(* Let $G_{\lambda,k}$ be a skeleton of a connected graph $G$ with natural map $f$ and let $M=\min\{\lambda,k\}$. If two vertices $x,y\in G_{\lambda,k}$ satisfy $d(x,y)\ge N$, then their preimages $f^{-1}(x)$, $f^{-1}(y)$ in $G$ are $M(N-1)$-disjoint.
   Context: $d$ is the graph metric. Sets $X,Y$ are $r$-disjoint if $d(a,b)>r$ for all $a\in X,b\in Y$. A set $X$ is $k$-connected if any two of its points are joined by a finite sequence in $X$ with consecutive distances $\le k$. Skeleton $G_{\lambda,k}$ (root $x_0\in V(G)$, scale $\lambda\ge1$, connectivity $k\ge1$): layers $A_{N,\lambda}=\{x: N\lambda<d(x,x_0)\le(N+1)\lambda\}$, $N\in\mathbb Z$; blocks are the maximal $k$-connected subsets of layers; $G_{\lambda,k}$ has a vertex per block and an edge between two blocks iff an edge of $G$ joins them. The natural map $f$ sends each vertex of $G$ to its block. *)

theory Defs
  imports Main
begin

definition graph :: "'a set \<Rightarrow> ('a \<Rightarrow> 'a \<Rightarrow> bool) \<Rightarrow> bool" where
  "graph V E \<longleftrightarrow> (\<forall>u v. E u v \<longrightarrow> u \<in> V \<and> v \<in> V \<and> E v u \<and> u \<noteq> v)"

definition adj :: "('a \<Rightarrow> 'a \<Rightarrow> bool) \<Rightarrow> ('a \<times> 'a) set" where
  "adj E = {(u, v). E u v}"

definition connected_graph :: "'a set \<Rightarrow> ('a \<Rightarrow> 'a \<Rightarrow> bool) \<Rightarrow> bool" where
  "connected_graph V E \<longleftrightarrow> graph V E \<and> V \<noteq> {} \<and>
     (\<forall>x\<in>V. \<forall>y\<in>V. (x, y) \<in> (adj E)\<^sup>*)"
lemma tdist_eq_abs_shift:
  assumes "u \<in> {0..2*pi}"
  shows "\<exists>j\<in>{\<lceil>(x - 3 * pi) / (2 * pi)\<rceil>..\<lceil>(x - 3 * pi) / (2 * pi)\<rceil> + 2}. tdist x u = \<bar>x - 2 * pi * of_int j - u\<bar>"
proof -
  define m where "m = \<lceil>(x - 3 * pi) / (2 * pi)\<rceil>"
  obtain j where j: "\<bar>x - u - 2 * pi * of_int j\<bar> \<le> pi" "tdist x u = \<bar>x - u - 2 * pi * of_int j\<bar>"
    using tdist_attained by blast
  have "x - 3 * pi \<le> 2 * pi * of_int j" "2 * pi * of_int j \<le> x + pi" using j(1) assms by auto
  then have "(x - 3 * pi) / (2 * pi) \<le> of_int j" "of_int j \<le> (x - 3 * pi) / (2 * pi) + 2"
    by (simp_all add: field_simps)
  then have "j \<in> {m..m + 2}"
    unfolding m_def using le_of_int_ceiling[of "(x - 3 * pi) / (2 * pi)"] by (auto simp: ceiling_le_iff) linarith
  with j(2) show ?thesis by (auto simp: m_def algebra_simps)
qed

______

» **WHAT NEEDS TO BE DONE**:
Nothing but an exact copy of the lines from the start of the entries through the line containing "using tdist_attained by blast" belongs in the response.

» **RESULT FOR THIS EXERCISE**:
(* Let $G_{\lambda,k}$ be a skeleton of a connected graph $G$ with natural map $f$ and let $M=\min\{\lambda,k\}$. If two vertices $x,y\in G_{\lambda,k}$ satisfy $d(x,y)\ge N$, then their preimages $f^{-1}(x)$, $f^{-1}(y)$ in $G$ are $M(N-1)$-disjoint.
   Context: $d$ is the graph metric. Sets $X,Y$ are $r$-disjoint if $d(a,b)>r$ for all $a\in X,b\in Y$. A set $X$ is $k$-connected if any two of its points are joined by a finite sequence in $X$ with consecutive distances $\le k$. Skeleton $G_{\lambda,k}$ (root $x_0\in V(G)$, scale $\lambda\ge1$, connectivity $k\ge1$): layers $A_{N,\lambda}=\{x: N\lambda<d(x,x_0)\le(N+1)\lambda\}$, $N\in\mathbb Z$; blocks are the maximal $k$-connected subsets of layers; $G_{\lambda,k}$ has a vertex per block and an edge between two blocks iff an edge of $G$ joins them. The natural map $f$ sends each vertex of $G$ to its block. *)

theory Defs
  imports Main
begin

definition graph :: "'a set \<Rightarrow> ('a \<Rightarrow> 'a \<Rightarrow> bool) \<Rightarrow> bool" where
  "graph V E \<longleftrightarrow> (\<forall>u v. E u v \<longrightarrow> u \<in> V \<and> v \<in> V \<and> E v u \<and> u \<noteq> v)"

definition adj :: "('a \<Rightarrow> 'a \<Rightarrow> bool) \<Rightarrow> ('a \<times> 'a) set" where
  "adj E = {(u, v). E u v}"

definition connected_graph :: "'a set \<Rightarrow> ('a \<Rightarrow> 'a \<Rightarrow> bool) \<Rightarrow> bool" where
  "connected_graph V E \<longleftrightarrow> graph V E \<and> V \<noteq> {} \<and>
     (\<forall>x\<in>V. \<forall>y\<in>V. (x, y) \<in> (adj E)\<^sup>*)"
lemma tdist_eq_abs_shift:
  assumes "u \<in> {0..2*pi}"
  shows "\<exists>j\<in>{\<lceil>(x - 3 * pi) / (2 * pi)\<rceil>..\<lceil>(x - 3 * pi) / (2 * pi)\<rceil> + 2}. tdist x u = \<bar>x - 2 * pi * of_int j - u\<bar>"
proof -
  define m where "m = \<lceil>(x - 3 * pi) / (2 * pi)\<rceil>"
  obtain j where j: "\<bar>x - u - 2 * pi * of_int j\<bar> \<le> pi" "tdist x u = \<bar>x - u - 2 * pi * of_int j\<bar>"
    using tdist_attained by blast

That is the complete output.